The fetch report includes min / mean / p50 / p75 / p90 / p95 / p99 / p99.9 / max latency and sustained throughput (req/s). In a typical local debug build, MoltenDB sustains 4 000–8 000 req/s for pure in-memory reads.


Project Structure

src/
  main.rs                    — server entry point, router, CLI config
  lib.rs                     — shared library root (WASM + native)
  auth.rs                    — JWT + bcrypt/argon2 authentication
  worker.rs                  — WASM entry point (WorkerDb, handle_message)
  validation.rs              — input validation (collection names, depth, size)
  rate_limit.rs              — per-IP sliding window rate limiter
  analytics.rs               — COUNT/SUM/AVG/MIN/MAX analytics engine
  handlers/
    mod.rs                   — module declarations
    process_get.rs           — GET handler (query, field selection, joins, sort, pagination)
    process_set.rs           — SET handler (insert/upsert, extends resolution)
    process_update.rs        — UPDATE handler (partial merge)
    process_delete.rs        — DELETE handler (single, batch, drop)
    process_analytics.rs     — analytics handler
  engine/
    mod.rs                   — Db struct, open() / open_wasm()
    operations.rs            — insert_batch, update, delete, versioning, WS broadcast
    indexing.rs              — auto-indexing, query heatmap
    types.rs                 — LogEntry, DbError
    storage/
      mod.rs                 — StorageBackend trait, startup replay
      disk.rs                — AsyncDiskStorage, SyncDiskStorage, snapshots
      encrypted.rs           — XChaCha20-Poly1305 encryption wrapper
      tiered.rs              — TieredStorage, MmapLogReader
      wasm.rs                — OpfsStorage (browser OPFS backend)
tests/
  integration.rs             — 56 integration tests
  stress.rs                  — 100 000-entry stress test (insert + replay verification)
  requests.http              — 57+ documented example requests for every endpoint
  stress_fetch.http          — manual HTTP requests for stress dataset inspection
examples/
  generate_stress_data.rs    — generates 100 000 synthetic documents → tests/stress_data.json
  stress_insert.rs           — bulk-inserts the dataset into a live server via HTTP API
  stress_fetch.rs            — fires 10 000100 000 concurrent GET requests, reports latency percentiles
pkg/                         — generated WASM package (wasm-pack output)
assets/
  logo.png                   — project logo

What's Next? (The Roadmap)

MoltenDB is currently in Beta. The core engine is stable, fast, and feature-rich, but the road to v1.0 is going to be heavily driven by following roadmap and community feedback.

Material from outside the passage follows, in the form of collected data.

definition penrose :: "real^'n^'m \<Rightarrow> real^'m^'n \<Rightarrow> bool" where
  "penrose A X \<longleftrightarrow> A ** X ** A = A \<and> X ** A ** X = X \<and>
                    transpose (A ** X) = A ** X \<and> transpose (X ** A) = X ** A"

lemma pinv_eq_The_penrose: "pinv A = (THE X. penrose A X)"
  by (simp add: pinv_def penrose_def)

lemma penrose_transpose_absorb_right:
  assumes "penrose A Y"
  shows "transpose A ** A ** Y = transpose A"
proof -
  have "transpose A ** A ** Y = transpose A ** transpose (A ** Y)"
    using assms by (simp add: penrose_def matrix_mul_assoc)
  also have "\<dots> = transpose (A ** Y ** A)"
    by (simp add: matrix_transpose_mul matrix_mul_assoc)
  finally show ?thesis
    using assms by (simp add: penrose_def)
qed

lemma penrose_transpose_absorb_left:
  assumes "penrose A X"
  shows "X ** A ** transpose A = transpose A"
proof -
  have "X ** A ** transpose A = transpose (X ** A) ** transpose A"
    using assms by (simp add: penrose_def)
  also have "\<dots> = transpose (A ** X ** A)"
    by (simp add: matrix_transpose_mul matrix_mul_assoc)
  finally show ?thesis
    using assms by (simp add: penrose_def)
qed

lemma penrose_unique:
  assumes X: "penrose A X" and Y: "penrose A Y"
  shows "X = Y"
proof -
  have "X = X ** transpose (A ** X)"
    using X by (simp add: penrose_def matrix_mul_assoc)
  also have "\<dots> = X ** transpose X ** (transpose A ** A ** Y)"
    by (simp add: penrose_transpose_absorb_right[OF Y] matrix_transpose_mul matrix_mul_assoc)
  also have "\<dots> = X ** transpose (A ** X) ** A ** Y"
    by (simp add: matrix_transpose_mul matrix_mul_assoc)
  also have "\<dots> = X ** A ** Y"
    using X by (simp add: penrose_def matrix_mul_assoc)
  finally have XAY: "X = X ** A ** Y" .
  have "Y = transpose (Y ** A) ** Y"
    using Y by (simp add: penrose_def)
  also have "\<dots> = (X ** A ** transpose A) ** transpose Y ** Y"
    by (simp add: penrose_transpose_absorb_left[OF X] matrix_transpose_mul)
  also have "\<dots> = X ** A ** (transpose (Y ** A) ** Y)"
    by (simp add: matrix_transpose_mul matrix_mul_assoc)
  also have "\<dots> = X ** A ** Y"
    using Y by (simp add: penrose_def matrix_mul_assoc)
  finally show ?thesis
    using XAY by simp
qed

Because I am a solo developer and I don't make any money from this project (yet?), my personal life comes first. I am moving at a sustainable pace to ensure the architecture stays clean and I don't burn out. Instead of locking into a rigid feature timeline, development is focused on three major architectural themes. If you need a specific feature to adopt MoltenDB, please open a GitHub Issue or vote on existing ones so it gets prioritized!

1. Scaling & Ecosystem

  • Multi-Tab WASM: Cross-tab synchronization using the Leader Election pattern so multiple browser tabs can seamlessly share the OPFS engine without locking conflicts.
  • Mobile Native Modules: Compiling the exact same Rust core to run natively on iOS and Android (via FFI/JNI). This will bring blazing-fast, local-first embedded databases to React Native and Flutter.
  • Language Clients: Official transport drivers for Python, Go, and Swift.
  • Data Portability: Built-in, zero-friction utilities to export your entire database to standard JSON and CSV formats. No vendor lock-in.

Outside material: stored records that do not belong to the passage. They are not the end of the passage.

lemma delta_min_eq_sort_gaps:
  "delta_min \<alpha> j N = sort (map (gap (spec_vals \<alpha>)) [0..<N - 1]) ! (j - 1)"
proof -
  have "[1..<N] = map Suc [0..<N - 1]" by (cases N) (simp_all add: map_Suc_upt)
  then have "map (\<lambda>i. lam \<alpha> (Suc i) - lam \<alpha> i) [1..<N] = map (gap (spec_vals \<alpha>)) [0..<N - 1]"
    by (simp add: lam_eq_nth_elem gap_def)
  then show ?thesis unfolding delta_min_def by simp
qed

section \<open>The values \<open>\<alpha>m\<^sup>2 + n\<^sup>2\<close> and lattice points\<close>

lemma spec_vals_pos: "0 < \<alpha> \<Longrightarrow> v \<in> spec_vals \<alpha> \<Longrightarrow> 0 < v"
  unfolding spec_vals_def by (auto intro!: add_nonneg_pos)

lemma square_mult_mem_spec_vals:
  assumes "v \<in> spec_vals \<alpha>" "1 \<le> k"
  shows "real k ^ 2 * v \<in> spec_vals \<alpha>"
proof -
  obtain m n :: nat where "v = \<alpha> * (real m)\<^sup>2 + (real n)\<^sup>2" "1 \<le> m" "1 \<le> n"
    using assms(1) unfolding spec_vals_def by blast
  then have "real k ^ 2 * v = \<alpha> * (real (k * m))\<^sup>2 + (real (k * n))\<^sup>2 \<and> 1 \<le> k * m \<and> 1 \<le> k * n"
    using assms(2) by (simp add: power_mult_distrib algebra_simps)
  then show ?thesis unfolding spec_vals_def by blast
qed
lemma std_symplectic_pairing_term:
  assumes \<sigma>: "\<sigma> permutes {0..<2*L}"
    and nz: "\<And>i. i < L \<Longrightarrow> std_symplectic (2*L) $$ (\<sigma> (2*i), \<sigma> (2*i+1)) \<noteq> 0"
  shows "signof \<sigma> * (\<Prod>i<L. std_symplectic (2*L) $$ (\<sigma> (2*i), \<sigma> (2*i+1))) = 1"
proof -
  define S where "S = {i \<in> {0..<L}. odd (\<sigma> (2*i))}"
  define \<pi> where "\<pi> = (\<lambda>i. \<sigma> (2*i) div 2)"
  have S: "S \<subseteq> {0..<L}" unfolding S_def by auto
  have block: "\<sigma> (2*i + r) = 2 * \<pi> i + (if i \<in> S then 1 - r else r)" if "i < L" "r < 2" for i r
  proof -
    have "2*i < 2*L" "2*i + 1 < 2*L" using \<open>i < L\<close> by auto
    then have "(even (\<sigma> (2*i)) \<and> \<sigma> (2*i+1) = \<sigma> (2*i) + 1) \<or> (odd (\<sigma> (2*i)) \<and> \<sigma> (2*i) = \<sigma> (2*i+1) + 1)"
      using nz[OF \<open>i < L\<close>] \<sigma> by (auto simp: index_std_symplectic split: if_splits dest: permutes_in_image)
    then show ?thesis
      using that unfolding less_2_cases_iff \<pi>_def S_def by (auto elim!: evenE oddE; presburger)
  qed
  have "(\<Prod>i<L. std_symplectic (2*L) $$ (\<sigma> (2*i), \<sigma> (2*i+1))) = (\<Prod>i<L. if i \<in> S then -1 else 1)"
  proof (rule prod.cong[OF refl])
    fix i assume "i \<in> {..<L}"
    then have "i < L" by simp
    then have "\<sigma> (2*i) < 2*L" using \<sigma> by (auto dest: permutes_in_image)
    then have "\<pi> i < L" unfolding \<pi>_def by simp
    then show "std_symplectic (2*L) $$ (\<sigma> (2*i), \<sigma> (2*i+1)) = (if i \<in> S then -1 else 1)"
      using block[OF \<open>i < L\<close>, of 0] block[OF \<open>i < L\<close>, of 1] by (auto simp: index_std_symplectic)
  qed
  also have "\<dots> = (-1) ^ card S"
    using S by (simp add: prod.If_cases Int_absorb1 atLeast0LessThan)
  finally show ?thesis
    using sign_block_permutation[OF \<sigma> S block] by (simp flip: power_mult_distrib)
qed

lemma pfaffian_std_symplectic_pos: "pfaffian L (std_symplectic (2*L)) > 0"
proof -
  let ?P = "{\<sigma>. \<sigma> permutes {0..<2*L}}"
  let ?t = "\<lambda>\<sigma>. signof \<sigma> * (\<Prod>i<L. std_symplectic (2*L) $$ (\<sigma> (2*i), \<sigma> (2*i+1)))"
  have "?t \<sigma> \<ge> 0" if "\<sigma> \<in> ?P" for \<sigma>
  proof (cases "\<forall>i<L. std_symplectic (2*L) $$ (\<sigma> (2*i), \<sigma> (2*i+1)) \<noteq> 0")
    case True
    then show ?thesis using std_symplectic_pairing_term[of \<sigma> L] that by simp
  next
    case False
    then have "(\<Prod>i<L. std_symplectic (2*L) $$ (\<sigma> (2*i), \<sigma> (2*i+1))) = 0"
      by (intro prod_zero) auto
    then show ?thesis by (simp only: mult_zero_right order_refl)
  qed
  moreover have "?t id = 1"
    by (simp add: index_std_symplectic)
  ultimately have "1 \<le> sum ?t ?P"
    using member_le_sum[of id ?P ?t] finite_permutations[of "{0..<2*L}"] by simp
  then show ?thesis unfolding pfaffian_def by simp
qed

subsection \<open>Congruence to the standard symplectic matrix\<close>

definition std_symplectic_rows :: "nat \<Rightarrow> nat \<Rightarrow> real mat \<Rightarrow> bool" where
  "std_symplectic_rows n k A \<longleftrightarrow> (\<forall>i<2*k. \<forall>j<n. A $$ (i, j) = std_symplectic n $$ (i, j))"

lemma std_symplectic_rows_col:
  assumes "skew_symmetric_mat n A" "std_symplectic_rows n k A" "i < n" "j < 2*k" "2*k \<le> n"
  shows "A $$ (i, j) = std_symplectic n $$ (i, j)"
  using assms skew_symmetric_mat_index[OF assms(1), of j i]
    skew_symmetric_mat_index[OF std_symplectic_skew_symmetric, of j n i]
  unfolding std_symplectic_rows_def by simp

2. Distributed Systems & Core

  • Robust Sync: Two-way browser ↔ server delta sync with automatic conflict resolution (server-wins on _v collision).
  • Transactions: ACID multi-key writes with optimistic locking (BEGIN, COMMIT, ROLLBACK).
  • Hardened Analytics: Expanding and rigorously testing the COUNT/SUM/AVG analytics engine, accompanied by a comprehensive, interactive live demo.

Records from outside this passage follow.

(* Let $\mathcal H=\mathbb R^p$ (a $p$-dimensional Hilbert space with inner product $\langle\cdot,\cdot\rangle$ and norm $\|\cdot\|$), let $(Z,\rho)$ be a probability space, and let $z_0,z_1,z_2,\dots$ be i.i.d. samples from $\rho$; write $S_n=(z_0,\dots,z_{n-1})$. Let $V:\mathcal H\times Z\to\mathbb R_+$ be a loss such that $V(\cdot,z)$ is convex and twice differentiable for every $z\in Z$, such that $I(f)=\mathbb E_{z}V(f,z)$ exists and is finite for all $f\in\mathcal H$, and such that the Hessian $H(V(f,z))$ of $V(\cdot,z)$ at $f$ satisfies $\langle g, H(V(f,z))\, g\rangle\ge 0$ and $\|H(V(f,z))\|\le M<\infty$ for all $f,g\in\mathcal H$, $z\in Z$. Let $K\subseteq\mathcal H$ be closed and convex. Consider stochastic gradient descent $f_0=0$, $f_{n+1}=f_n-\gamma_n\nabla V(f_n,z_n)$, where $\gamma_n>0$. Assume: (i) there exists $f_K\in K$ with $\nabla I(f_K)=0$ and $\langle f-f_K,\nabla I(f)\rangle>0$ for all $f\in\mathcal H$ with $f\neq f_K$; (ii) $\sum_n\gamma_n=\infty$ and $\sum_n\gamma_n^2<\infty$; (iii) there exist $C,N>0$ such that for all $n>N$, $$0<\mathbb E_{z_n}\big[V(f_n,z_n)-V(f_{n+1},z_n)\,\big|\,S_n\big]\le C\gamma_n .$$ Then $\mathbb P\big(\lim_{n\to\infty}\|f_n-f_K\|=0\big)=1$.
   Context: $\nabla V(f,z)$ denotes the gradient of $V(\cdot,z)$ at $f$. The conditional expectation $\mathbb E_{z_n}[\,\cdot\,|S_n]$ is the expectation over $z_n$ with $z_0,\dots,z_{n-1}$ (hence $f_n$) held fixed. Condition (iii) is the $\mathrm{CV}_{on}$ stability of the algorithm with rate $\beta_n=C\gamma_n$. In this section the paper considers the case where the projection onto $K$ in projected SGD $f_{n+1}=\Pi_K(f_n-\gamma_n\nabla V(f_n,z_n))$ can be dropped, giving the unprojected update above. *)

theory Defs
  imports "HOL-Analysis.Analysis" "HOL-Probability.Probability"
begin

text \<open>Unprojected SGD iterates along a sample sequence zs:
  f_0 = 0, f_(n+1) = f_n - gamma_n * gradV(f_n, z_n).
  Note that sgd gamma gradV zs n depends only on zs 0, ..., zs (n-1), i.e. on S_n.\<close>
primrec sgd :: "(nat \<Rightarrow> real) \<Rightarrow> ('a::real_vector \<Rightarrow> 'z \<Rightarrow> 'a) \<Rightarrow> (nat \<Rightarrow> 'z) \<Rightarrow> nat \<Rightarrow> 'a"
where
  "sgd \<gamma> gV zs 0 = 0"
| "sgd \<gamma> gV zs (Suc n) = sgd \<gamma> gV zs n - \<gamma> n *\<^sub>R gV (sgd \<gamma> gV zs n) (zs n)"

definition risk :: "'z measure \<Rightarrow> ('a \<Rightarrow> 'z \<Rightarrow> real) \<Rightarrow> 'a \<Rightarrow> real" where
  "risk \<rho> V f = (\<integral>z. V f z \<partial>\<rho>)"

end

theory Submission
  imports Defs
begin

text \<open>Write the iteration as f_(n+1) = f_n - \<gamma>_n \<nabla>I(f_n) - \<xi>_n, where
  \<xi>_n = \<gamma>_n (\<nabla>V(f_n, z_n) - \<nabla>I(f_n)) has mean zero given the past.
  The Hessian bound makes a gradient step of length \<gamma>_n decrease V(\<cdot>, z) by at least
  \<gamma>_n/2 \<parallel>\<nabla>V\<parallel>^2, so the stability condition (iii) yields E \<parallel>\<nabla>V(f_n, z)\<parallel>^2 \<le> 2C for large n.
  Hence the increments \<xi>_n are orthogonal with E \<parallel>\<xi>_n\<parallel>^2 \<le> 2C \<gamma>_n^2, which is summable, and
  Kolmogorov's maximal inequality shows that \<Sum> \<xi>_n converges almost surely.
  On such a sample path, f_n is a gradient descent for I with bounded drift and an error that
  tends to 0. The drift \<nabla>I is monotone and points away from fK, hence uniformly away from fK
  outside any ball around fK; since \<Sum> \<gamma>_n = \<infinity>, the iterates eventually enter every such ball
  and, as \<gamma>_n \<rightarrow> 0, cannot leave it again.\<close>

lemma has_derivative_of_quadratic_remainder:
  fixes F :: "'a::real_normed_vector \<Rightarrow> real"
  assumes L: "bounded_linear L"
    and remainder: "\<And>h. \<bar>F (x + h) - F x - L h\<bar> \<le> c * (norm h)\<^sup>2"
  shows "(F has_derivative L) (at x)"
  unfolding has_derivative_at
proof (intro conjI L)
  have bound: "norm (norm (F (x + h) - F x - L h) / norm h) \<le> c * norm h" for h
  proof (cases "h = 0")
    case True
    then show ?thesis using remainder[of 0] by simp
  next
    case False
    then have "norm (norm (F (x + h) - F x - L h) / norm h) = \<bar>F (x + h) - F x - L h\<bar> / norm h"
      by simp
    also have "\<dots> \<le> c * (norm h)\<^sup>2 / norm h"
      using remainder[of h] by (intro divide_right_mono) auto
    also have "\<dots> = c * norm h" using False by (simp add: power2_eq_square)
    finally show ?thesis .
  qed
  have "((\<lambda>h. c * norm h) \<longlongrightarrow> 0) (at (0::'a))"
    by (intro tendsto_mult_right_zero tendsto_norm_zero tendsto_ident_at)
  then show "((\<lambda>h. norm (F (x + h) - F x - L h) / norm h) \<longlongrightarrow> 0) (at 0)"
    by (rule Lim_null_comparison[OF always_eventually[OF allI[OF bound]]])
qed

lemma abs_inner_le_half_sum_squares:
  fixes a b :: "'a::real_inner"
  shows "\<bar>a \<bullet> b\<bar> \<le> ((norm a)\<^sup>2 + (norm b)\<^sup>2) / 2"
proof -
  have "\<bar>a \<bullet> b\<bar> \<le> norm a * norm b" by (rule Cauchy_Schwarz_ineq2)
  also have "\<dots> \<le> ((norm a)\<^sup>2 + (norm b)\<^sup>2) / 2"
    using zero_le_power2[of "norm a - norm b"] by (simp add: power2_eq_square algebra_simps)
  finally show ?thesis .
qed

lemma power2_norm_add:
  fixes a b :: "'a::real_inner"
  shows "(norm (a + b))\<^sup>2 = (norm a)\<^sup>2 + 2 * (a \<bullet> b) + (norm b)\<^sup>2"
  using dot_norm[of a b] by simp

section \<open>Joint measurability of Carath\'eodory functions\<close>

definition dyadic_round :: "nat \<Rightarrow> 'a::euclidean_space \<Rightarrow> 'a" where
  "dyadic_round k x = (\<Sum>b\<in>Basis. (real_of_int \<lfloor>2^k * (x \<bullet> b)\<rfloor> / 2^k) *\<^sub>R b)"

lemma borel_measurable_dyadic_round: "dyadic_round k \<in> borel_measurable borel"
  unfolding dyadic_round_def by measurable

lemma norm_dyadic_round_diff_le:
  fixes x :: "'a::euclidean_space"
  shows "norm (dyadic_round k x - x) \<le> real DIM('a) / 2^k"
proof -
  have coord: "\<bar>real_of_int \<lfloor>2^k * (x \<bullet> b)\<rfloor> / 2^k - x \<bullet> b\<bar> \<le> 1 / 2^k" for b :: 'a
  proof -
    have "real_of_int \<lfloor>2^k * (x \<bullet> b)\<rfloor> / 2^k - x \<bullet> b
        = (real_of_int \<lfloor>2^k * (x \<bullet> b)\<rfloor> - 2^k * (x \<bullet> b)) / 2^k"
      by (simp add: diff_divide_distrib)
    then have "\<bar>real_of_int \<lfloor>2^k * (x \<bullet> b)\<rfloor> / 2^k - x \<bullet> b\<bar>
        = \<bar>real_of_int \<lfloor>2^k * (x \<bullet> b)\<rfloor> - 2^k * (x \<bullet> b)\<bar> / 2^k"
      by (simp add: abs_divide)
    also have "\<dots> \<le> 1 / 2^k"
      by (intro divide_right_mono) (linarith, simp)
    finally show ?thesis .
  qed
  have "dyadic_round k x - x = (\<Sum>b\<in>Basis. (real_of_int \<lfloor>2^k * (x \<bullet> b)\<rfloor> / 2^k - x \<bullet> b) *\<^sub>R b)"
    unfolding dyadic_round_def
    by (subst (3) euclidean_representation[symmetric]) (simp add: sum_subtractf scaleR_diff_left)
  also have "norm \<dots> \<le> (\<Sum>b\<in>(Basis::'a set). norm ((real_of_int \<lfloor>2^k * (x \<bullet> b)\<rfloor> / 2^k - x \<bullet> b) *\<^sub>R b))"
    by (rule norm_sum)
  also have "\<dots> \<le> (\<Sum>b\<in>(Basis::'a set). 1 / 2^k)"
    using coord by (intro sum_mono) simp
  finally show ?thesis by simp
qed

lemma dyadic_round_tendsto: "(\<lambda>k. dyadic_round k x) \<longlonglongrightarrow> x"
proof -
  have "(\<lambda>k. real DIM('a) / 2^k) \<longlonglongrightarrow> 0"
    by (intro tendsto_divide_0[OF tendsto_const]) (simp add: filterlim_realpow_sequentially_gt1)
  then have "(\<lambda>k. norm (dyadic_round k x - x)) \<longlonglongrightarrow> 0"
    by (rule Lim_null_comparison[rotated]) (auto intro: always_eventually norm_dyadic_round_diff_le)
  then show ?thesis by (simp add: tendsto_norm_zero_iff LIM_zero_iff)
qed

lemma countable_range_dyadic_round: "countable (range (dyadic_round k :: 'a::euclidean_space \<Rightarrow> 'a))"
proof -
  have "range (dyadic_round k :: 'a \<Rightarrow> 'a)
          \<subseteq> (\<lambda>c. \<Sum>b\<in>Basis. (real_of_int (c b) / 2^k) *\<^sub>R b) ` (Pi\<^sub>E Basis (\<lambda>_. UNIV))"
  proof
    fix y assume "y \<in> range (dyadic_round k :: 'a \<Rightarrow> 'a)"
    then obtain x where "y = dyadic_round k x" by auto
    then show "y \<in> (\<lambda>c. \<Sum>b\<in>Basis. (real_of_int (c b) / 2^k) *\<^sub>R b) ` (Pi\<^sub>E Basis (\<lambda>_. UNIV))"
      unfolding dyadic_round_def
      by (intro image_eqI[of _ _ "restrict (\<lambda>b. \<lfloor>2^k * (x \<bullet> b)\<rfloor>) Basis"]) auto
  qed
  moreover have "countable (Pi\<^sub>E (Basis::'a set) (\<lambda>_. UNIV :: int set))"
    by (intro countable_PiE) auto
  ultimately show ?thesis by (meson countable_image countable_subset)
qed

lemma measurable_dyadic_round_count_space:
  fixes F :: "_ \<Rightarrow> 'a::euclidean_space"
  assumes F: "F \<in> borel_measurable N"
  shows "(\<lambda>x. dyadic_round k (F x)) \<in> measurable N (count_space (range (dyadic_round k)))"
proof (subst measurable_count_space_eq_countable[OF countable_range_dyadic_round], safe)
  fix a :: 'a
  have "(\<lambda>x. dyadic_round k (F x)) \<in> borel_measurable N"
    using measurable_comp[OF F borel_measurable_dyadic_round] by (simp add: comp_def)
  then show "(\<lambda>x. dyadic_round k (F x)) -` {a} \<inter> space N \<in> sets N"
    by (rule measurable_sets) simp
qed auto

text \<open>The first argument is rounded to a countable dyadic grid, where measurability
  is inherited from measurability in the second argument; continuity passes to the limit.\<close>

lemma borel_measurable_caratheodory:
  fixes F :: "'a::euclidean_space \<Rightarrow> 'z \<Rightarrow> 'b::metric_space"
  assumes meas: "\<And>x. F x \<in> borel_measurable N"
    and cont: "\<And>z. z \<in> space N \<Longrightarrow> continuous_on UNIV (\<lambda>x. F x z)"
  shows "(\<lambda>p. F (fst p) (snd p)) \<in> borel_measurable (borel \<Otimes>\<^sub>M N)"
proof (rule borel_measurable_LIMSEQ_metric)
  show "(\<lambda>p. F (dyadic_round k (fst p)) (snd p)) \<in> borel_measurable (borel \<Otimes>\<^sub>M N)" for k
  proof (rule measurable_compose_countable'[OF _ _ countable_range_dyadic_round])
    show "(\<lambda>p. F x (snd p)) \<in> borel_measurable (borel \<Otimes>\<^sub>M N)" for x
      using measurable_comp[OF measurable_snd meas] by (simp add: comp_def)
    show "(\<lambda>p. dyadic_round k (fst p)) \<in> measurable (borel \<Otimes>\<^sub>M N) (count_space (range (dyadic_round k)))"
      by (rule measurable_dyadic_round_count_space[OF measurable_fst[of borel N], simplified])
  qed
  show "(\<lambda>k. F (dyadic_round k (fst p)) (snd p)) \<longlonglongrightarrow> F (fst p) (snd p)"
    if "p \<in> space (borel \<Otimes>\<^sub>M N)" for p
  proof -
    have "snd p \<in> space N" using that by (simp add: space_pair_measure mem_Times_iff)
    from continuous_on_tendsto_compose[OF cont[OF this] dyadic_round_tendsto]
    show ?thesis by simp
  qed
qed

section \<open>Perturbed gradient descent\<close>

lemma not_summable_descent_reaches:
  fixes D g :: "nat \<Rightarrow> real"
  assumes descent: "\<And>n. n \<ge> n0 \<Longrightarrow> \<not> P n \<Longrightarrow> D (Suc n) \<le> D n - c * g n"
    and D_nonneg: "\<And>n. D n \<ge> 0" and c: "c > 0"
    and g_nonneg: "\<And>n. g n \<ge> 0" and g_not_summable: "\<not> summable g"
  shows "\<exists>n\<ge>n0. P n"
proof (rule ccontr)
  assume never: "\<not> (\<exists>n\<ge>n0. P n)"
  have D_le: "D (n0 + k) \<le> D n0 - c * (\<Sum>i\<in>{n0..<n0 + k}. g i)" for k
  proof (induction k)
    case (Suc k)
    then show ?case
      using descent[of "n0 + k"] never by (simp add: algebra_simps)
  qed simp
  have "summable g"
  proof (rule summableI_nonneg_bounded[OF g_nonneg])
    fix n
    have "sum g {..<n} \<le> sum g {..<n0 + n}"
      using g_nonneg by (intro sum_mono2) auto
    also have "\<dots> = sum g {..<n0} + sum g {n0..<n0 + n}"
      unfolding lessThan_atLeast0 by (rule sum.atLeastLessThan_concat[symmetric]) auto
    also have "sum g {n0..<n0 + n} \<le> D n0 / c"
      using D_le[of n] D_nonneg[of "n0 + n"] c by (simp add: field_simps)
    finally show "sum g {..<n} \<le> sum g {..<n0} + D n0 / c" by simp
  qed
  with g_not_summable show False by contradiction
qed

lemma perturbed_descent_step:
  fixes w e d x0 :: "'a::real_inner"
  assumes drift: "c \<le> (w - e - x0) \<bullet> d" and d: "norm d \<le> B" and g: "g \<ge> 0"
    and small: "2 * norm e * B + g * B\<^sup>2 \<le> c"
  shows "(norm (w - g *\<^sub>R d - x0))\<^sup>2 \<le> (norm (w - x0))\<^sup>2 - c * g"
proof -
  have "\<bar>e \<bullet> d\<bar> \<le> norm e * B"
    using Cauchy_Schwarz_ineq2[of e d] mult_left_mono[OF d norm_ge_zero[of e]] by linarith
  moreover have "(w - x0) \<bullet> d = (w - e - x0) \<bullet> d + e \<bullet> d"
    by (simp add: inner_diff_left)
  ultimately have "c - norm e * B \<le> (w - x0) \<bullet> d"
    using drift by linarith
  then have "2 * g * (c - norm e * B) \<le> 2 * g * ((w - x0) \<bullet> d)"
    using g by (intro mult_left_mono) auto
  moreover have "g\<^sup>2 * (norm d)\<^sup>2 \<le> g\<^sup>2 * B\<^sup>2"
    using d by (intro mult_left_mono power_mono) auto
  moreover have "(norm (w - g *\<^sub>R d - x0))\<^sup>2 = (norm (w - x0))\<^sup>2 - 2 * g * ((w - x0) \<bullet> d) + g\<^sup>2 * (norm d)\<^sup>2"
    using power2_norm_add[of "w - x0" "- g *\<^sub>R d"] by (simp add: algebra_simps power_mult_distrib)
  moreover have "g * (2 * norm e * B + g * B\<^sup>2) \<le> g * c"
    using small g by (rule mult_left_mono)
  ultimately show ?thesis by (simp add: algebra_simps power2_eq_square)
qed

3. Security, Tooling & Polish

  • Schema Validation: Optional, opt-in per-collection type constraints (enforcing strings, numbers, required fields).
  • Granular ACLs: User management and role-based access control for individual collections.
  • MoltenDB Studio (Premium): A paid, official GUI dashboard to visually manage your databases, inspect collections, and execute queries without touching the CLI.
  • Comprehensive Changelog: Establishing a clear, detailed changelog so the community can easily track new features, API adjustments, and performance improvements release by release.
  • A "Professional" Logo: I know the current logo isn't exactly boring and corporate enough for an enterprise database, but I wanted the Beta release to have a bit of personality! As we approach v1.0, MoltenDB will get a clean, professional brand identity.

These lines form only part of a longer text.